(* Let $(M,\mathbf g)$ be a $(d+1)$-dimensional spacetime carrying a steady flow of radiation fluid with respect to a timelike Killing vector field $\boldsymbol\xi$ on a neighborhood $U$ of a point $p$, with fluid variables of class $C^2$ near $p$. If $p$ is a sonic point, then $$\boldsymbol\sigma(\bar{\boldsymbol\xi},\bar{\boldsymbol\xi})|_p=0,\qquad \mathcal L_{\bar{\boldsymbol\eta}}\big[\boldsymbol\sigma(\bar{\boldsymbol\xi},\bar{\boldsymbol\xi})\big]\big|_p\ge 0,$$ where $\boldsymbol\sigma$ is the shear tensor of the streamline congruence.
   Context: A perfect fluid on a $(d+1)$-dimensional Lorentzian spacetime consists of positive functions $n,h,P,s,T$ (number density, specific enthalpy, pressure, specific entropy, temperature) and a vector field $\mathbf u$, $\mathbf u\cdot\mathbf u=-1$, satisfying $\mathbf d h=T\,\mathbf d s+n^{-1}\mathbf d P$, $\nabla\cdot(n\mathbf u)=0$, $\nabla\cdot(nh\,\mathbf u\otimes\mathbf u+P\,\mathbf g^{-1})=0$ and an equation of state $h=h(P,s)$, with speed of sound $v_{\rm s}^2=(\partial\ln h/\partial\ln n)_s$. A radiation fluid is one whose equation of state gives $v_{\rm s}\equiv1/\sqrt d$. The flow is steady w.r.t. the timelike Killing field $\boldsymbol\xi$ on $U$ if $\mathcal L_{\boldsymbol\xi}P=\mathcal L_{\boldsymbol\xi}s=0$, $\mathcal L_{\boldsymbol\xi}\mathbf u=0$. Set $\bar{\boldsymbol\xi}=\boldsymbol\xi/\sqrt{|\boldsymbol\xi\cdot\boldsymbol\xi|}$, write $\mathbf u=(1-v^2)^{-1/2}(\bar{\boldsymbol\xi}+v\bar{\boldsymbol\eta})$ with $v\in[0,1)$, $\bar{\boldsymbol\eta}$ unit spacelike orthogonal to $\bar{\boldsymbol\xi}$ and $\mathcal L_{\boldsymbol\xi}\bar{\boldsymbol\eta}=0$ (integral curves of $\bar{\boldsymbol\eta}$: streamlines). With $B_{\mu\nu}=\nabla_\mu\bar\eta_\nu$, $\mathbf a=\nabla_{\bar{\boldsymbol\eta}}\bar{\boldsymbol\eta}$, $\mathbf g^\perp=\mathbf g-\bar{\boldsymbol\eta}^\flat\otimes\bar{\boldsymbol\eta}^\flat$, decompose $\mathbf B-\bar{\boldsymbol\eta}^\flat\otimes\mathbf a^\flat=\frac{\Theta}{d}\mathbf g^\perp+\boldsymbol\sigma+\boldsymbol\omega$ with $\Theta=\nabla\cdot\bar{\boldsymbol\eta}$, $\boldsymbol\sigma$ symmetric trace-free (shear), $\boldsymbol\omega$ antisymmetric. A sonic point is a point with $v=v_{\rm s}$. *)

theory Defs
  imports "HOL-Analysis.Analysis"
begin

text \<open>Everything is expressed in a coordinate chart: points of the chart domain are
vectors in real^'n, where CARD('n) = d+1.  Vector fields are maps real^'n => real^'n
(contravariant components X$mu), covector fields likewise (covariant components),
the metric is a field of matrices G x $ mu $ nu.\<close>

definition pd :: "(real^'n \<Rightarrow> real) \<Rightarrow> 'n \<Rightarrow> real^'n \<Rightarrow> real" where
  "pd f i x = frechet_derivative f (at x) (axis i 1)"

fun Ck :: "nat \<Rightarrow> (real^'n) set \<Rightarrow> (real^'n \<Rightarrow> real) \<Rightarrow> bool" where
  "Ck 0 U f = continuous_on U f"
| "Ck (Suc k) U f = ((\<forall>x\<in>U. f differentiable (at x)) \<and> (\<forall>i. Ck k U (pd f i)))"

definition smooth_on :: "(real^'n) set \<Rightarrow> (real^'n \<Rightarrow> real) \<Rightarrow> bool" where
  "smooth_on U f = (\<forall>k. Ck k U f)"

definition lorentzian_matrix :: "real^'n^'n \<Rightarrow> bool" where
  "lorentzian_matrix A = (transpose A = A \<and>
     (\<exists>t::'n. \<exists>C::real^'n^'n. invertible C \<and>
        transpose C ** A ** C = (\<chi> i j. if i = j then (if i = t then -1 else 1) else 0)))"

definition ginv :: "(real^'n \<Rightarrow> real^'n^'n) \<Rightarrow> real^'n \<Rightarrow> real^'n^'n" where
  "ginv G x = matrix_inv (G x)"

definition christoffel :: "(real^'n \<Rightarrow> real^'n^'n) \<Rightarrow> 'n \<Rightarrow> 'n \<Rightarrow> 'n \<Rightarrow> real^'n \<Rightarrow> real" where
  "christoffel G l m n x = (1/2) * (\<Sum>k\<in>UNIV. ginv G x $ l $ k *
      (pd (\<lambda>y. G y $ k $ n) m x + pd (\<lambda>y. G y $ k $ m) n x - pd (\<lambda>y. G y $ m $ n) k x))"

definition gdot :: "(real^'n \<Rightarrow> real^'n^'n) \<Rightarrow> real^'n \<Rightarrow> real^'n \<Rightarrow> real^'n \<Rightarrow> real" where
  "gdot G x X Y = (\<Sum>m\<in>UNIV. \<Sum>n\<in>UNIV. G x $ m $ n * X $ m * Y $ n)"

definition lower :: "(real^'n \<Rightarrow> real^'n^'n) \<Rightarrow> (real^'n \<Rightarrow> real^'n) \<Rightarrow> real^'n \<Rightarrow> real^'n" where
  "lower G X x = (\<chi> n. \<Sum>l\<in>UNIV. G x $ n $ l * X x $ l)"

definition cd_covec :: "(real^'n \<Rightarrow> real^'n^'n) \<Rightarrow> (real^'n \<Rightarrow> real^'n) \<Rightarrow> 'n \<Rightarrow> 'n \<Rightarrow> real^'n \<Rightarrow> real" where
  "cd_covec G w m n x = pd (\<lambda>y. w y $ n) m x - (\<Sum>l\<in>UNIV. christoffel G l m n x * w x $ l)"

definition cd_vec :: "(real^'n \<Rightarrow> real^'n^'n) \<Rightarrow> (real^'n \<Rightarrow> real^'n) \<Rightarrow> 'n \<Rightarrow> 'n \<Rightarrow> real^'n \<Rightarrow> real" where
  "cd_vec G X m n x = pd (\<lambda>y. X y $ n) m x + (\<Sum>l\<in>UNIV. christoffel G n m l x * X x $ l)"

definition div_vec :: "(real^'n \<Rightarrow> real^'n^'n) \<Rightarrow> (real^'n \<Rightarrow> real^'n) \<Rightarrow> real^'n \<Rightarrow> real" where
  "div_vec G X x = (\<Sum>m\<in>UNIV. cd_vec G X m m x)"

definition div_tensor :: "(real^'n \<Rightarrow> real^'n^'n) \<Rightarrow> (real^'n \<Rightarrow> real^'n^'n) \<Rightarrow> 'n \<Rightarrow> real^'n \<Rightarrow> real" where
  "div_tensor G T n x = (\<Sum>m\<in>UNIV. pd (\<lambda>y. T y $ m $ n) m x)
     + (\<Sum>m\<in>UNIV. \<Sum>l\<in>UNIV. christoffel G m m l x * T x $ l $ n)
     + (\<Sum>m\<in>UNIV. \<Sum>l\<in>UNIV. christoffel G n m l x * T x $ m $ l)"

definition lie_fun :: "(real^'n \<Rightarrow> real^'n) \<Rightarrow> (real^'n \<Rightarrow> real) \<Rightarrow> real^'n \<Rightarrow> real" where
  "lie_fun X f x = (\<Sum>m\<in>UNIV. X x $ m * pd f m x)"

definition lie_vec :: "(real^'n \<Rightarrow> real^'n) \<Rightarrow> (real^'n \<Rightarrow> real^'n) \<Rightarrow> real^'n \<Rightarrow> real^'n" where
  "lie_vec X Y x = (\<chi> n. \<Sum>m\<in>UNIV. X x $ m * pd (\<lambda>y. Y y $ n) m x - Y x $ m * pd (\<lambda>y. X y $ n) m x)"

definition killing_on :: "(real^'n \<Rightarrow> real^'n^'n) \<Rightarrow> (real^'n \<Rightarrow> real^'n) \<Rightarrow> (real^'n) set \<Rightarrow> bool" where
  "killing_on G X U = (\<forall>x\<in>U. \<forall>m n. (\<Sum>l\<in>UNIV. X x $ l * pd (\<lambda>y. G y $ m $ n) l x
       + G x $ l $ n * pd (\<lambda>y. X y $ l) m x + G x $ m $ l * pd (\<lambda>y. X y $ l) n x) = 0)"

text \<open>Equation of state h = H(P,s).  Thermodynamics (dh = T ds + n^{-1} dP) gives the
state functions n = (dh/dP)_s^{-1}, T = (dh/ds)_P.\<close>
definition eos_hP :: "(real \<Rightarrow> real \<Rightarrow> real) \<Rightarrow> real \<Rightarrow> real \<Rightarrow> real" where
  "eos_hP H P s = deriv (\<lambda>q. H q s) P"

definition eos_hs :: "(real \<Rightarrow> real \<Rightarrow> real) \<Rightarrow> real \<Rightarrow> real \<Rightarrow> real" where
  "eos_hs H P s = deriv (\<lambda>r. H P r) s"

definition eos_n :: "(real \<Rightarrow> real \<Rightarrow> real) \<Rightarrow> real \<Rightarrow> real \<Rightarrow> real" where
  "eos_n H P s = 1 / eos_hP H P s"

text \<open>Squared speed of sound (d ln h / d ln n)_s, computed along fixed s with P as parameter.\<close>
definition sound_speed_sq :: "(real \<Rightarrow> real \<Rightarrow> real) \<Rightarrow> real \<Rightarrow> real \<Rightarrow> real" where
  "sound_speed_sq H P s = deriv (\<lambda>q. ln (H q s)) P / deriv (\<lambda>q. ln (eos_n H q s)) P"

definition radiation_eos :: "real \<Rightarrow> (real \<Rightarrow> real \<Rightarrow> real) \<Rightarrow> bool" where
  "radiation_eos d H = (\<forall>P>0. \<forall>s>0.
      H P s > 0 \<and> eos_hP H P s > 0 \<and>
      (\<lambda>q. H q s) differentiable (at P) \<and> (\<lambda>q. eos_hP H q s) differentiable (at P) \<and>
      (\<lambda>r. H P r) differentiable (at s) \<and>
      sound_speed_sq H P s = 1 / d)"

definition perfect_fluid_on ::
  "(real^'n \<Rightarrow> real^'n^'n) \<Rightarrow> (real^'n) set \<Rightarrow> (real \<Rightarrow> real \<Rightarrow> real) \<Rightarrow>
   (real^'n \<Rightarrow> real) \<Rightarrow> (real^'n \<Rightarrow> real) \<Rightarrow> (real^'n \<Rightarrow> real) \<Rightarrow> (real^'n \<Rightarrow> real) \<Rightarrow>
   (real^'n \<Rightarrow> real) \<Rightarrow> (real^'n \<Rightarrow> real^'n) \<Rightarrow> bool" where
  "perfect_fluid_on G U H n h P s T u =
    ((\<forall>x\<in>U. n x > 0 \<and> h x > 0 \<and> P x > 0 \<and> s x > 0 \<and> T x > 0) \<and>
     (\<forall>x\<in>U. gdot G x (u x) (u x) = -1) \<and>
     (\<forall>x\<in>U. \<forall>m. pd h m x = T x * pd s m x + pd P m x / n x) \<and>
     (\<forall>x\<in>U. div_vec G (\<lambda>y. n y *\<^sub>R u y) x = 0) \<and>
     (\<forall>x\<in>U. \<forall>k. div_tensor G (\<lambda>y. \<chi> i j. n y * h y * u y $ i * u y $ j + P y * ginv G y $ i $ j) k x = 0) \<and>
     (\<forall>x\<in>U. h x = H (P x) (s x) \<and> n x = eos_n H (P x) (s x) \<and> T x = eos_hs H (P x) (s x)))"

end

theory Submission
  imports Defs
begin

text \<open>Killing's equation turns the \<open>\<xi>\<xi>\<close>-component of \<open>\<nabla>\<eta>\<^sup>\<flat>\<close> into
\<open>\<eta>(\<xi>\<cdot>\<xi>)/2\<close>, so that \<open>\<sigma>(\<xi>b,\<xi>b) = \<eta>(\<xi>\<cdot>\<xi>)/(2|\<xi>\<cdot>\<xi>|) + \<Theta>/d\<close>.
Writing the particle current as \<open>n u = a \<xi> + b \<eta>\<close>, steady continuity reads
\<open>\<eta>(b) + b \<Theta> = 0\<close>, which expresses \<open>\<Theta>\<close> through the \<open>\<eta>\<close>-derivatives of \<open>n\<close>, \<open>v\<close>,
the Killing energy \<open>E = u\<cdot>\<xi>\<close> and \<open>|\<xi>|\<close>.  Contracting the Euler equations with \<open>\<xi>\<close> and
\<open>u\<close> gives the Bernoulli law \<open>u(hE) = 0\<close> and adiabaticity \<open>u(s) = 0\<close>; by steadiness these
become \<open>\<eta>(hE) = \<eta>(s) = 0\<close>, and the radiation equation of state \<open>n \<propto> h\<^sup>d\<close> (at fixed
\<open>s\<close>) turns them into a formula for \<open>\<eta>(n)\<close>.  Eliminating everything leaves
\<open>\<sigma>(\<xi>b,\<xi>b) = F(v) \<eta>(v)\<close> with \<open>F(v) = (v\<^sup>2 - 1/d)/(v(1 - v\<^sup>2))\<close>.  At a sonic point
\<open>F\<close> vanishes and \<open>F' > 0\<close>, hence \<open>\<sigma>(\<xi>b,\<xi>b) = 0\<close> and
\<open>\<eta>[\<sigma>(\<xi>b,\<xi>b)] = F'(v) \<eta>(v)\<^sup>2 \<ge> 0\<close>.\<close>

section \<open>Partial derivatives and derivatives along vector fields\<close>

lemma has_derivative_imp_pd: "(f has_derivative D) (at x) \<Longrightarrow> pd f i x = D (axis i 1)"
  unfolding pd_def using frechet_derivative_at by metis

lemma pd_cong_open:
  assumes "open W" "x \<in> W" "\<And>y. y \<in> W \<Longrightarrow> f y = g y"
  shows "pd f i x = pd g i x"
proof -
  have "\<And>D. (f has_derivative D) (at x) \<longleftrightarrow> (g has_derivative D) (at x)"
    using has_derivative_transform_within_open assms by metis
  then show ?thesis unfolding pd_def frechet_derivative_def by simp
qed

• Exercise goal: From the listing above, the lines starting with the one that has "real) \<Rightarrow> real^'n" and running through the one that has "(\<Sum>m\<in>UNIV. X x" should be copied exactly, ends included.

• Solution for this task:
definition lie_fun :: "(real^'n \<Rightarrow> real^'n) \<Rightarrow> (real^'n \<Rightarrow> real) \<Rightarrow> real^'n \<Rightarrow> real" where
  "lie_fun X f x = (\<Sum>m\<in>UNIV. X x $ m * pd f m x)"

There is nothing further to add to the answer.